Hand-Me-Down Bonanza
With the seasons changing, there’s a good chance that some of the kids—and adults, perhaps—in your family or friend group are in need of boots, sweaters, coats, and other cold weather clothes. Have everyone bring the clothes that they’ve outgrown or no longer wear, and hold a clothing swap before or after dinner, whenever there’s downtime. This will help anyone in the family who might not have money for new clothes, and any unclaimed items can be donated to a homeless or domestic violence shelter.
Book Club
Not so much a proper book club as a book swap, but encouraging everyone to bring books they no longer need will certainly encourage lots of bookish conversation. This tradition could be especially helpful for quiet, bookworm kids who only see each other once a year for Thanksgiving. Trading books will give them something to talk about, and reading books together is the perfect cozy, companionable, low-key after-dinner activity.
Ornaments Workshop
If your family celebrates a winter holiday that involves ornaments, set the kids—and adults!—up after dinner with ornament fixins. This could be Shrinky Dinks and colored pencils, air-dry clay, fillable ornaments and wintery dollar store ephemera, or even just paper and markers.

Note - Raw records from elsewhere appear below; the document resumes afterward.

lemma cnorm_pos:
  assumes "\<exists>x \<in> carrier_vec n. c x \<noteq> 0"
  shows "0 < cnorm n c"
proof -
  have "\<exists>a<n. \<exists>b<n. \<exists>d<n. S a b d \<noteq> 0"
  proof (rule ccontr)
    assume "\<not> ?thesis"
    then have "c x = 0" if "x \<in> carrier_vec n" for x using form[OF that] by simp
    then show False using assms by blast
  qed
  then obtain a b d where "a < n" "b < n" "d < n" "S a b d \<noteq> 0" by blast
  then show ?thesis using abs_coeff_le_cnorm[of a b d] by simp
qed

lemma hess_index:
  "x \<in> carrier_vec n \<Longrightarrow> i < n \<Longrightarrow> j < n \<Longrightarrow> hess n c x $$ (i,j) = 6 * (\<Sum>l<n. S i j l * x $ l) / cnorm n c"
  unfolding hess_def by (simp add: pd2_form)

lemma hess_symmetric:
  "x \<in> carrier_vec n \<Longrightarrow> i < n \<Longrightarrow> j < n \<Longrightarrow> hess n c x $$ (i,j) = hess n c x $$ (j,i)"
  using swap12 by (simp add: hess_index)

lemma abs_hess_index_le:
  assumes nonzero: "\<exists>x \<in> carrier_vec n. c x \<noteq> 0" and t: "t \<in> carrier_vec n" and "a < n" "b < n"
  shows "\<bar>hess n c t $$ (a,b)\<bar> \<le> 6 * n * supnorm t"
proof -
  have K: "0 < cnorm n c" using cnorm_pos[OF nonzero] .
  have "\<bar>\<Sum>l<n. S a b l * t $ l\<bar> \<le> (\<Sum>l<n. cnorm n c * supnorm t)"
    using abs_coeff_le_cnorm abs_index_le_supnorm[OF t] K assms
    by (intro order.trans[OF sum_abs] sum_mono) (auto simp: abs_mult intro!: mult_mono)
  then show ?thesis using K t assms by (simp add: hess_index abs_mult pos_divide_le_eq mult_ac)
qed

end

lemma symmetric_cubic_coefficients:
  assumes "is_cubic_form n c"
  obtains S where "symmetric_cubic_form n c S"
proof -
  obtain C where C: "\<And>x. x \<in> carrier_vec n \<Longrightarrow> c x = (\<Sum>i<n. \<Sum>j<n. \<Sum>k<n. C i j k * x $ i * x $ j * x $ k)"
    using assms unfolding is_cubic_form_def by blast
  define S where "S a b d = (C a b d + C a d b + C b a d + C b d a + C d a b + C d b a) / 6" for a b d
  have swap: "S a b d = S b a d" "S a b d = S a d b" for a b d
    unfolding S_def by (simp_all add: algebra_simps)
  have form: "c x = (\<Sum>a<n. \<Sum>b<n. \<Sum>d<n. S a b d * (x $ a * x $ b * x $ d))" if x: "x \<in> carrier_vec n" for x
  proof -
    define X where "X a b d = x $ a * x $ b * x $ d" for a b d
    have X: "\<And>a b d. X a b d = X a d b" "\<And>a b d. X a b d = X b a d" unfolding X_def by (auto simp: mult_ac)
    have swap12: "(\<Sum>a<n. \<Sum>b<n. \<Sum>d<n. F a b d) = (\<Sum>a<n. \<Sum>b<n. \<Sum>d<n. (F b a d :: real))" for F
      by (rule sum.swap)
    have swap23: "(\<Sum>a<n. \<Sum>b<n. \<Sum>d<n. F a b d) = (\<Sum>a<n. \<Sum>b<n. \<Sum>d<n. (F a d b :: real))" for F
      by (rule sum.cong[OF refl], rule sum.swap)
    let ?B = "\<Sum>a<n. \<Sum>b<n. \<Sum>d<n. C a b d * X a b d"
    txt \<open>As X is symmetric, permuting the indices of C amounts to reordering the summations.\<close>
    have sum_acb: "(\<Sum>a<n. \<Sum>b<n. \<Sum>d<n. C a d b * X a b d) = ?B"
      using swap23[of "\<lambda>a b d. C a d b * X a b d"] X by simp
    have sum_bad: "(\<Sum>a<n. \<Sum>b<n. \<Sum>d<n. C b a d * X a b d) = ?B"
      using swap12[of "\<lambda>a b d. C b a d * X a b d"] X by simp
    have sum_bda: "(\<Sum>a<n. \<Sum>b<n. \<Sum>d<n. C b d a * X a b d) = ?B"
      using swap12[of "\<lambda>a b d. C b d a * X a b d"] swap23[of "\<lambda>a b d. C a d b * X b a d"] X by simp
    have sum_dab: "(\<Sum>a<n. \<Sum>b<n. \<Sum>d<n. C d a b * X a b d) = ?B"
      using swap23[of "\<lambda>a b d. C d a b * X a b d"] swap12[of "\<lambda>a b d. C b a d * X a d b"] X by simp
    have sum_dba: "(\<Sum>a<n. \<Sum>b<n. \<Sum>d<n. C d b a * X a b d) = ?B"
      using swap12[of "\<lambda>a b d. C d b a * X a b d"] sum_dab X by simp
    have "6 * (\<Sum>a<n. \<Sum>b<n. \<Sum>d<n. S a b d * X a b d) =
      (\<Sum>a<n. \<Sum>b<n. \<Sum>d<n. C a b d * X a b d + C a d b * X a b d + C b a d * X a b d +
         C b d a * X a b d + C d a b * X a b d + C d b a * X a b d)"
      unfolding S_def by (simp only: sum_distrib_left) (intro sum.cong refl, simp add: field_simps)
    also have "\<dots> = 6 * ?B" using sum_acb sum_bad sum_bda sum_dab sum_dba by (simp only: sum.distrib)
    finally show ?thesis using C[OF x] unfolding X_def by (simp add: mult.assoc)
  qed
  show ?thesis by (rule that, rule symmetric_cubic_form.intro) (fact swap form)+
qed
(* Let $d\ge 1$, let $\mu\in\mathbb{R}^d$, and let $\Sigma\in\mathbb{R}^{d\times d}$ be a symmetric positive definite covariance matrix; write $\mathcal{D}=\mathcal{N}(\mu,\Sigma)$. Fix initial parameters $\theta_0\in\mathbb{R}^d$, a vector $v\in\mathbb{R}^d$, a learning rate $0<\eta<1/2$, and an integer $k\ge 1$. Define $$\theta_0^+=\theta_0-2\eta(\theta_0-v),\qquad \theta_0^-=\theta_0-2\eta(\theta_0+v),$$ and for $i=1,\dots,k$ draw $x_i^+,x_i^-$ independently from $\mathcal{D}$ (all draws mutually independent) and set $$\theta_i^+=\theta_{i-1}^+-2\eta(\theta_{i-1}^+-x_i^+),\qquad \theta_i^-=\theta_{i-1}^--2\eta(\theta_{i-1}^--x_i^-).$$ Then for every order $\alpha>1$, the R\'enyi divergence of order $\alpha$ between the distribution of $\theta_k^+$ and the distribution of $\theta_k^-$ is at most $\frac{2\alpha}{k}\,v^\top\Sigma^{-1}v$.
   Context: This models mean estimation by per-example stochastic gradient descent on the squared $\ell_2$ loss $\|\theta-x\|^2$ (gradient $2(\theta-x)$), where a single injected example ($+v$ in one run, $-v$ in the other) is used in the very first step and all subsequent examples are fresh random samples from $\mathcal{D}$. The R\'enyi divergence of order $\alpha>1$ between distributions $P,Q$ with densities $p,q$ is $D_\alpha(P\|Q)=\frac{1}{\alpha-1}\log\int p(x)^\alpha q(x)^{1-\alpha}\,dx$. *)

theory Defs
  imports "HOL-Probability.Probability"
begin

definition sym_pos_def_mat :: "real^'n^'n \<Rightarrow> bool" where
  "sym_pos_def_mat S \<longleftrightarrow> transpose S = S \<and> (\<forall>x. x \<noteq> 0 \<longrightarrow> x \<bullet> (S *v x) > 0)"

definition mvn_density :: "real^'n \<Rightarrow> real^'n^'n \<Rightarrow> real^'n \<Rightarrow> real" where
  "mvn_density mu S x =
     exp (- ((x - mu) \<bullet> (matrix_inv S *v (x - mu))) / 2)
       / sqrt ((2 * pi) ^ CARD('n) * det S)"

definition mvnormal :: "real^'n \<Rightarrow> real^'n^'n \<Rightarrow> (real^'n) measure" where
  "mvnormal mu S = density lborel (\<lambda>x. ennreal (mvn_density mu S x))"

text \<open>Per-example SGD on the squared loss, gradient 2(theta - x):
  starting from theta, take steps with the samples xs 1, xs 2, ..., xs i.\<close>
fun sgd_iter :: "real \<Rightarrow> real^'n \<Rightarrow> (nat \<Rightarrow> real^'n) \<Rightarrow> nat \<Rightarrow> real^'n" where
  "sgd_iter eta theta xs 0 = theta"
| "sgd_iter eta theta xs (Suc i) =
     sgd_iter eta theta xs i - (2 * eta) *\<^sub>R (sgd_iter eta theta xs i - xs (Suc i))"

definition sgd_dist :: "real \<Rightarrow> real^'n \<Rightarrow> (real^'n) measure \<Rightarrow> nat \<Rightarrow> (real^'n) measure" where
  "sgd_dist eta theta D k = distr (PiM {1..k} (\<lambda>_. D)) borel (\<lambda>xs. sgd_iter eta theta xs k)"

definition renyi_divergence :: "real \<Rightarrow> ('a::euclidean_space) measure \<Rightarrow> 'a measure \<Rightarrow> ereal" where
  "renyi_divergence alpha P Q =
     (if \<not> absolutely_continuous Q P then \<infinity>
      else (let p = (\<lambda>x. enn2real (RN_deriv lborel P x));
                q = (\<lambda>x. enn2real (RN_deriv lborel Q x));
                I = (\<integral>\<^sup>+ x. ennreal (p x powr alpha * q x powr (1 - alpha)) \<partial>lborel)
            in if I = \<infinity> then \<infinity> else ereal (ln (enn2real I) / (alpha - 1))))"

end

theory Submission
  imports Defs
begin

text \<open>
  Each SGD step \<open>\<theta> \<mapsto> (1 - 2\<eta>) \<theta> + 2\<eta> x\<close> is affine, and the Gaussians whose covariances are
  multiples of \<open>\<Sigma>\<close> are closed under affine maps and under convolution. By induction, both runs
  end in Gaussians \<open>N(m\<^sub>k, s\<^sub>k \<Sigma>)\<close> with the same factor
  \<open>s\<^sub>k = (2\<eta>)\<^sup>2 \<Sum>\<^sub>i\<^sub><\<^sub>k (1 - 2\<eta>)\<^sup>2\<^sup>i \<ge> k (2\<eta>)\<^sup>2 (1 - 2\<eta>)\<^sup>2\<^sup>k\<close>, and their means differ by
  \<open>(1 - 2\<eta>)\<^sup>k 4\<eta> v\<close>. The Renyi divergence of order \<open>\<alpha>\<close> between \<open>N(a, S)\<close> and \<open>N(b, S)\<close>
  is \<open>\<alpha> (a - b)\<^sup>T S\<^sup>-\<^sup>1 (a - b) / 2\<close>, which yields the bound.

  That the density is normalised rests on the linear change of variables formula for Lebesgue
  measure. It reduces to elementary matrices: diagonal stretches, shears (Fubini in one coordinate
  plus translation invariance) and coordinate swaps (a reflection composed with three shears).
\<close>

section \<open>Matrices and quadratic forms\<close>

lemma matrix_inv_right:
  fixes A :: "'a::semiring_1^'n^'m"
  assumes "invertible A"
  shows "A ** matrix_inv A = mat 1"
  using someI_ex[OF assms[unfolded invertible_def]] unfolding matrix_inv_def by blast

lemma matrix_inv_left:
  fixes A :: "'a::semiring_1^'n^'m"
  assumes "invertible A"
  shows "matrix_inv A ** A = mat 1"
  using someI_ex[OF assms[unfolded invertible_def]] unfolding matrix_inv_def by blast

lemma matrix_inv_unique:
  fixes A :: "'a::semiring_1^'n^'m"
  assumes "A ** B = mat 1" and "B ** A = mat 1"
  shows "matrix_inv A = B"
proof -
  have "invertible A"
    using assms invertible_def by blast
  then have "matrix_inv A = matrix_inv A ** (A ** B)"
    using assms(1) by simp
  also have "\<dots> = B"
    using matrix_inv_left[OF \<open>invertible A\<close>] by (simp add: matrix_mul_assoc)
  finally show ?thesis .
qed

lemma det_scaleR:
  fixes A :: "real^'n^'n"
  shows "det (c *\<^sub>R A) = c ^ CARD('n) * det A"
  by (simp add: det_def prod.distrib sum_distrib_left mult_ac)

lemma det_matrix_inv:
  fixes A :: "real^'n^'n"
  assumes "invertible A"
  shows "det (matrix_inv A) = inverse (det A)"
  using arg_cong[OF matrix_inv_right[OF assms], of det] by (simp add: det_mul inverse_unique)

lemma matrix_inv_scaleR:
  fixes A :: "real^'n^'n"
  assumes "invertible A" and "c \<noteq> 0"
  shows "matrix_inv (c *\<^sub>R A) = inverse c *\<^sub>R matrix_inv A"
  using assms by (intro matrix_inv_unique)
    (simp_all add: scalar_matrix_assoc[symmetric] matrix_scalar_ac matrix_inv_left matrix_inv_right)

lemma inner_matrix_vector_symmetric:
  fixes A :: "real^'n^'n"
  assumes "transpose A = A"
  shows "x \<bullet> (A *v y) = y \<bullet> (A *v x)"
  by (metis assms dot_lmul_matrix inner_commute transpose_matrix_vector)

lemma inner_matrix_vector_congruence:
  fixes A L :: "real^'n^'n"
  shows "(L *v x) \<bullet> (A *v (L *v y)) = x \<bullet> ((transpose L ** A ** L) *v y)"
  by (metis dot_lmul_matrix inner_commute matrix_vector_mul_assoc transpose_matrix_vector)

lemma quadratic_form_uminus:
  fixes A :: "real^'n^'n"
  shows "(- v) \<bullet> (A *v (- v)) = v \<bullet> (A *v v)"
proof -
  have "A *v (- v) = - (A *v v)"
    by (simp add: matrix_vector_mult_def vec_eq_iff sum_negf)
  then show ?thesis
    by simp
qed

lemma quadratic_form_affine_combination:
  fixes A :: "real^'n^'n"
  assumes "transpose A = A"
  shows "t * (p \<bullet> (A *v p)) + (1 - t) * (q \<bullet> (A *v q))
       = (t *\<^sub>R p + (1 - t) *\<^sub>R q) \<bullet> (A *v (t *\<^sub>R p + (1 - t) *\<^sub>R q)) + t * (1 - t) * ((p - q) \<bullet> (A *v (p - q)))"
proof -
  have sym: "q \<bullet> (A *v p) = p \<bullet> (A *v q)"
    by (rule inner_matrix_vector_symmetric[OF assms])
  have "(t *\<^sub>R p + (1 - t) *\<^sub>R q) \<bullet> (A *v (t *\<^sub>R p + (1 - t) *\<^sub>R q))
      = t\<^sup>2 * (p \<bullet> (A *v p)) + 2 * t * (1 - t) * (p \<bullet> (A *v q)) + (1 - t)\<^sup>2 * (q \<bullet> (A *v q))"
    by (simp add: sym power2_eq_square algebra_simps)
  moreover have "(p - q) \<bullet> (A *v (p - q)) = p \<bullet> (A *v p) - 2 * (p \<bullet> (A *v q)) + q \<bullet> (A *v q)"
    by (simp add: sym algebra_simps)
  ultimately show ?thesis
    by (simp add: power2_eq_square algebra_simps)
qed

lemma quadratic_form_convolution:
  fixes A :: "real^'n^'n"
  assumes "transpose A = A" and "s1 > 0" and "s2 > 0"
  shows "u \<bullet> (A *v u) / s1 + (u - w) \<bullet> (A *v (u - w)) / s2
    = w \<bullet> (A *v w) / (s1 + s2)
      + (u - (s1 / (s1 + s2)) *\<^sub>R w) \<bullet> (A *v (u - (s1 / (s1 + s2)) *\<^sub>R w)) / (s1 * s2 / (s1 + s2))"
proof -
  define Q where "Q v = v \<bullet> (A *v v)" for v
  define s where "s = s1 + s2"
  define t where "t = s1 / s"
  have "s > 0"
    using assms by (simp add: s_def)
  have "1 - s2 / s = t"
    using \<open>s > 0\<close> by (simp add: s_def t_def field_simps)
  moreover have "(s2 / s) *\<^sub>R u + t *\<^sub>R (u - w) = u - t *\<^sub>R w"
  proof -
    have "s2 / s + t = 1"
      using \<open>1 - s2 / s = t\<close> by simp
    then show ?thesis
      by (metis scaleR_add_left scaleR_diff_right scaleR_one add_diff_eq)
  qed
  \<comment> \<open>the affine combination identity with weight \<open>s2 / s\<close>, to be rescaled by \<open>s / (s1 s2)\<close>\<close>
  ultimately have "(s2 / s) * Q u + t * Q (u - w) = Q (u - t *\<^sub>R w) + (s2 / s) * t * Q w"
    using quadratic_form_affine_combination[OF assms(1), of "s2 / s" u "u - w"]
    by (simp add: Q_def mult.assoc)
  moreover have "Q u / s1 + Q (u - w) / s2 = s / (s1 * s2) * ((s2 / s) * Q u + t * Q (u - w))"
    and "Q w / s + Q (u - t *\<^sub>R w) / (s1 * s2 / s) = s / (s1 * s2) * (Q (u - t *\<^sub>R w) + (s2 / s) * t * Q w)"
    using assms \<open>s > 0\<close> by (simp_all add: t_def field_simps)
  ultimately show ?thesis
    by (simp add: Q_def s_def t_def)
qed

The kids will take all the ornaments they made home at the end of the night, and parents will be saved from having to come up with something their kids can give as holiday gifts.
Everyone Bring A Game
It’s easy to get sick of your own board games (or the games at the host’s house—my family played my grandparents’ 1980 edition of Trivial Pursuit every holiday for decades!), so mix things up by encouraging your guests to all bring a game to play. This will help to keep the kids entertained and will provide fun for those uninterested in football (if your Friends Not Football initiative fails). In this scenario, everyone will take their games home at the end of the night, but you could also consider bringing your favorite board game as a host/hostess gift.
Recipe Swap
If you’re hosting a potluck, ask your guests to bring copies of the recipe(s) for the dish(es) they’re sharing; let them know approximately how many guests you’re expecting so they know how many copies to bring. After dessert, swap recipes—everyone goes home with basically a sweet little cookbook!
What are your favorite Thanksgiving traditions? Is there one you’d like to start?